This week, 300 producers, distributors and consumers of creative content gathered in Warsaw’s Kino Kultura for the first ever CopyCamp. They shared their experience and perspectives on copyright, stories about how copyright works in practice, and setting the direction for the future of copyright in the digital world. The Modern Poland Foundation organized the event, under the honorary patronage of the Digitization Ministry. We partnered to make this possible, along with the Polish Filmmakers Association, the ZAiKS Collecting Society, Trust for Central and Eastern Europe.

Nina Paley opened the event. She is the author of a cartoon film titled “Sita sings the blues” which tells the story of Ramayana using popular songs as soundtrack. Behind the entertaining presentation was a serious message: she started to make money on her films only after she started to apply open licensing to her art.

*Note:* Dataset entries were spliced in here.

lemma segmentation_two_point:
  assumes "m1 \<in> markets" "m2 \<in> markets" "m1 \<noteq> m2" "0 < t" "t < 1"
  shows "segmentation (two_point t m1 m2) (t *\<^sub>R m1 + (1 - t) *\<^sub>R m2)"
  using assms sum_two_point[OF assms(3-5), of "\<lambda>_. 1::real"] sum_two_point[OF assms(3-5), of id]
  unfolding segmentation_def by (simp add: supp_two_point) (simp add: two_point_def)

lemma objective_le_majorant:
  assumes "\<forall>m\<in>markets. max_profit w1 w2 m \<le> c m" "segmentation \<tau> mu"
  shows "objective w1 w2 c mu \<tau> \<le> c mu"
proof -
  have "(\<Sum>m\<in>supp \<tau>. \<tau> m * max_profit w1 w2 m) \<le> (\<Sum>m\<in>supp \<tau>. \<tau> m * c m)"
    using assms unfolding segmentation_def by (intro sum_mono mult_left_mono) auto
  then show ?thesis unfolding objective_def info_cost_def by simp
qed

lemma objective_eq_majorant:
  assumes "\<forall>m\<in>supp \<tau>. c m = max_profit w1 w2 m"
  shows "objective w1 w2 c mu \<tau> = c mu"
  using assms by (simp add: objective_def info_cost_def)

lemma strict_convex_majorant_of_max_profit:
  assumes "0 < w1" "w1 < w2" "0 \<le> bL" "w2 * bL < w1" "w1 < w2 * bH" "bH \<le> 1"
  obtains c where "strict_convex_on markets c" "continuous_on markets c"
    "\<forall>m\<in>markets. max_profit w1 w2 m \<le> c m"
    "c (1 - bL, bL) = max_profit w1 w2 (1 - bL, bL)"
    "c (1 - bH, bH) = max_profit w1 w2 (1 - bH, bH)"
proof
  have "w2 * bL < w2 * bH" using assms by linarith
  then have "bL < bH" using assms(1,2) by simp
  define k1 where "k1 = (w2 * bH - w1) / (bH - bL)\<^sup>2"
  define k2 where "k2 = (w1 - w2 * bL) / (bH - bL)\<^sup>2"
  have "0 < k1" "0 < k2" using assms \<open>bL < bH\<close> by (simp_all add: k1_def k2_def)
  \<comment> \<open>Both parabolas pass through (bL, w1) and (bH, w2 * bH), the points of the revenue
    graph max w1 (w2 b) at the two segments.\<close>
  define c where
    "c m = max (w1 + k1 * (snd m - bL)\<^sup>2) (w2 * snd m + k2 * (snd m - bH)\<^sup>2)" for m :: "real \<times> real"
  show "strict_convex_on markets c"
    unfolding c_def using strict_convex_on_markets_parabola[OF \<open>0 < k1\<close>, of w1 0 bL]
      strict_convex_on_markets_parabola[OF \<open>0 < k2\<close>, of 0 w2 bH]
    by (intro strict_convex_on_max) simp_all
  show "continuous_on markets c"
    unfolding c_def by (intro continuous_intros)
  have "max w1 (w2 * snd m) \<le> c m" for m
    using \<open>0 < k1\<close> \<open>0 < k2\<close> unfolding c_def by (intro max.mono) simp_all
  then show "\<forall>m\<in>markets. max_profit w1 w2 m \<le> c m"
    by (simp add: max_profit_market[OF assms(1,2)])
  have "k1 * (bH - bL)\<^sup>2 = w2 * bH - w1" "k2 * (bL - bH)\<^sup>2 = w1 - w2 * bL"
    using \<open>bL < bH\<close> by (simp_all add: k1_def k2_def power2_commute)
  then show "c (1 - bL, bL) = max_profit w1 w2 (1 - bL, bL)"
    and "c (1 - bH, bH) = max_profit w1 w2 (1 - bH, bH)"
    using assms \<open>bL < bH\<close> by (simp_all add: c_def max_profit_market)
qed

lemma rationalizable_two_segments:
  assumes "0 < w1" "w1 < w2" "0 \<le> bL" "w2 * bL < w1" "w1 < w2 * bH" "bH \<le> 1" "0 < t" "t < 1"
  shows "rationalizable w1 w2 (t *\<^sub>R (1 - bL, bL) + (1 - t) *\<^sub>R (1 - bH, bH))
    ((w2 - w1) * (t * bL), t * w1 + (1 - t) * (w2 * bH))"
proof -
  define mL mH where "mL = (1 - bL, bL)" and "mH = (1 - bH, bH)"
  have "w2 * bL < w2 * bH" using assms by linarith
  then have "bL < bH" using assms(1,2) by simp
  then have "mL \<in> markets" "mH \<in> markets" "mL \<noteq> mH"
    using assms by (auto simp: mL_def mH_def)
  define \<tau> where "\<tau> = two_point t mL mH"
  define pr where "pr m = (if m = mL then w1 else w2)" for m :: "real \<times> real"
  have supp: "supp \<tau> = {mL, mH}"
    using supp_two_point \<open>mL \<noteq> mH\<close> assms(7,8) unfolding \<tau>_def .
  have sum: "(\<Sum>m\<in>supp \<tau>. \<tau> m * f m) = t * f mL + (1 - t) * f mH"
    for f :: "real \<times> real \<Rightarrow> real"
    using sum_two_point[of mL mH t f] \<open>mL \<noteq> mH\<close> assms(7,8) unfolding \<tau>_def by simp
  obtain c where c: "strict_convex_on markets c" "continuous_on markets c"
    "\<forall>m\<in>markets. max_profit w1 w2 m \<le> c m"
    "c mL = max_profit w1 w2 mL" "c mH = max_profit w1 w2 mH"
    using strict_convex_majorant_of_max_profit[OF assms(1-6)] unfolding mL_def mH_def .
  then have touch: "\<forall>m\<in>supp \<tau>. c m = max_profit w1 w2 m" by (simp add: supp)
  have seg: "segmentation \<tau> (t *\<^sub>R mL + (1 - t) *\<^sub>R mH)"
    unfolding \<tau>_def
    using segmentation_two_point \<open>mL \<in> markets\<close> \<open>mH \<in> markets\<close> \<open>mL \<noteq> mH\<close> assms(7,8) .
  have "opt_price w1 w2 mL w1" "opt_price w1 w2 mH w2"
    using assms \<open>mL \<in> markets\<close> \<open>mH \<in> markets\<close>
    by (simp_all add: opt_price_iff profit_market mL_def mH_def)
  then have opt: "\<forall>m\<in>supp \<tau>. opt_price w1 w2 m (pr m)"
    using \<open>mL \<noteq> mH\<close> by (simp add: supp pr_def)
  have "CS w1 w2 \<tau> pr = (w2 - w1) * (t * bL)"
    using assms \<open>mL \<noteq> mH\<close> by (simp add: CS_def sum pr_def cons_surplus_def bval_def mL_def mH_def)
  moreover have "PS w1 w2 \<tau> pr = t * w1 + (1 - t) * (w2 * bH)"
    using assms \<open>mL \<in> markets\<close> \<open>mH \<in> markets\<close> \<open>mL \<noteq> mH\<close>
    by (simp add: PS_def sum pr_def profit_market mL_def mH_def)
  moreover have "objective w1 w2 c mu' \<tau>' \<le> objective w1 w2 c mu' \<tau>"
    if "segmentation \<tau>' mu'" for \<tau>' mu'
    using objective_le_majorant[OF c(3) that] objective_eq_majorant[OF touch] by simp
  ultimately show ?thesis
    using seg opt c(1,2) unfolding rationalizable_def mL_def mH_def
    by (intro exI[of _ \<tau>] exI[of _ pr] exI[of _ c]) simp
qed

lemma two_segment_split:
  fixes w1 w2 b x y :: real
  assumes "0 < w1" "w1 < w2" "0 < x" "max w1 (w2 * b) < y" "x + y < w1 * (1 - b) + w2 * b"
  obtains t bL bH where "0 < t" "t < 1" "0 \<le> bL" "w2 * bL < w1" "w1 < w2 * bH" "bH \<le> 1"
    "t * bL + (1 - t) * bH = b" "(w2 - w1) * (t * bL) = x" "t * w1 + (1 - t) * (w2 * bH) = y"
proof
  \<comment> \<open>u is the mass of high types in the low segment, the only consumers left with surplus;
    then PS = t w1 + w2 (b - u) determines the weight t of the low segment.\<close>
  define u where "u = x / (w2 - w1)"
  define t where "t = (y - w2 * (b - u)) / w1"
  have "(w2 - w1) * u = x" using assms(2) by (simp add: u_def)
  then have u: "w2 * u - w1 * u = x" by (simp add: left_diff_distrib)
  have "0 < u" using assms by (simp add: u_def)
  have "w1 * t = y - w2 * (b - u)" using assms(1) unfolding t_def by simp
  then have t: "w1 * t = y - w2 * b + w2 * u" by (simp add: right_diff_distrib)
  have "(w2 - w1) * u < (w2 - w1) * b" using assms u by (simp add: algebra_simps)
  then have "u < b" using assms(2) mult_less_cancel_left_pos[of "w2 - w1"] by simp
  then have "w1 * u < w1 * b" using assms(1) by simp
  then have "w1 * t < w1 * 1" using t u assms(5) by (simp add: algebra_simps)
  then show "t < 1" using assms(1) by simp
  have "0 < w1 * t" using t assms(4) \<open>0 < u\<close> \<open>0 < w1\<close> \<open>w1 < w2\<close> by (simp add: add_pos_pos)
  then show "0 < t" using assms(1) by (simp add: zero_less_mult_iff)
  show "0 \<le> u / t" using \<open>0 < u\<close> \<open>0 < t\<close> by simp
  show "w2 * (u / t) < w1" using t assms(4) \<open>0 < t\<close> by (simp add: field_simps)
  show "w1 < w2 * ((b - u) / (1 - t))" using t assms(4) \<open>t < 1\<close> by (simp add: field_simps)
  have "w1 * (b + t) < w1 * (1 + u)" using t u assms(5) by (simp add: algebra_simps)
  then show "(b - u) / (1 - t) \<le> 1" using assms(1) \<open>t < 1\<close> by simp
  show "t * (u / t) + (1 - t) * ((b - u) / (1 - t)) = b" using \<open>0 < t\<close> \<open>t < 1\<close> by simp
  show "(w2 - w1) * (t * (u / t)) = x" using \<open>(w2 - w1) * u = x\<close> \<open>0 < t\<close> by simp
  have "(1 - t) * (w2 * ((b - u) / (1 - t))) = w2 * (b - u)" using \<open>t < 1\<close> by simp
  then show "t * w1 + (1 - t) * (w2 * ((b - u) / (1 - t))) = y"
    using t by (simp add: right_diff_distrib mult.commute)
qed

theorem proposition5:
  fixes w1 w2 :: real and mu :: "real \<times> real" and z :: "real \<times> real"
  assumes "0 < w1" and "w1 < w2" and "mu \<in> markets"
    and "z \<in> interior (surplus_triangle w1 w2 mu)"
  shows "rationalizable w1 w2 mu z"
proof -
  have mu: "mu = (1 - snd mu, snd mu)" "fst mu = 1 - snd mu"
    using assms(3) by (simp_all add: markets_def prod_eq_iff)
  have "0 < fst z" "max w1 (w2 * snd mu) < snd z"
    "fst z + snd z < w1 * (1 - snd mu) + w2 * snd mu"
    using interior_surplus_triangle[OF assms(4)] max_profit_market[OF assms(1-3)] mu
    by (auto simp: eff_surplus_def)
  then obtain t bL bH where "0 < t" "t < 1" "0 \<le> bL" "w2 * bL < w1" "w1 < w2 * bH" "bH \<le> 1"
    and "t * bL + (1 - t) * bH = snd mu" "(w2 - w1) * (t * bL) = fst z"
    and "t * w1 + (1 - t) * (w2 * bH) = snd z"
    using two_segment_split assms(1,2) by blast
  moreover from this have "t *\<^sub>R (1 - bL, bL) + (1 - t) *\<^sub>R (1 - bH, bH) = mu"
    by (subst mu(1)) (simp add: algebra_simps)
  ultimately show ?thesis
    using rationalizable_two_segments[OF assms(1,2)] by (metis prod.collapse)
qed

end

Paley presented another amusing film.



More than 30 other speakers, among them creators and creators’ organizations, collecting societies, members of the European Parliament, social activists, journalists, lawyers, academics and students, gave fast-paced short presentations. They ranged from a filmmaker’s and musician’s perspective on fair use and creativity, through discussions on the role of collecting societies, copyright education, internet platforms, the complex copyright stories of key icons of Polish culture and the way news publishers work with new internet business models. I talked about how the new technologies and creativity work together for the benefit of the authors and users and how copyright impacts this synergy.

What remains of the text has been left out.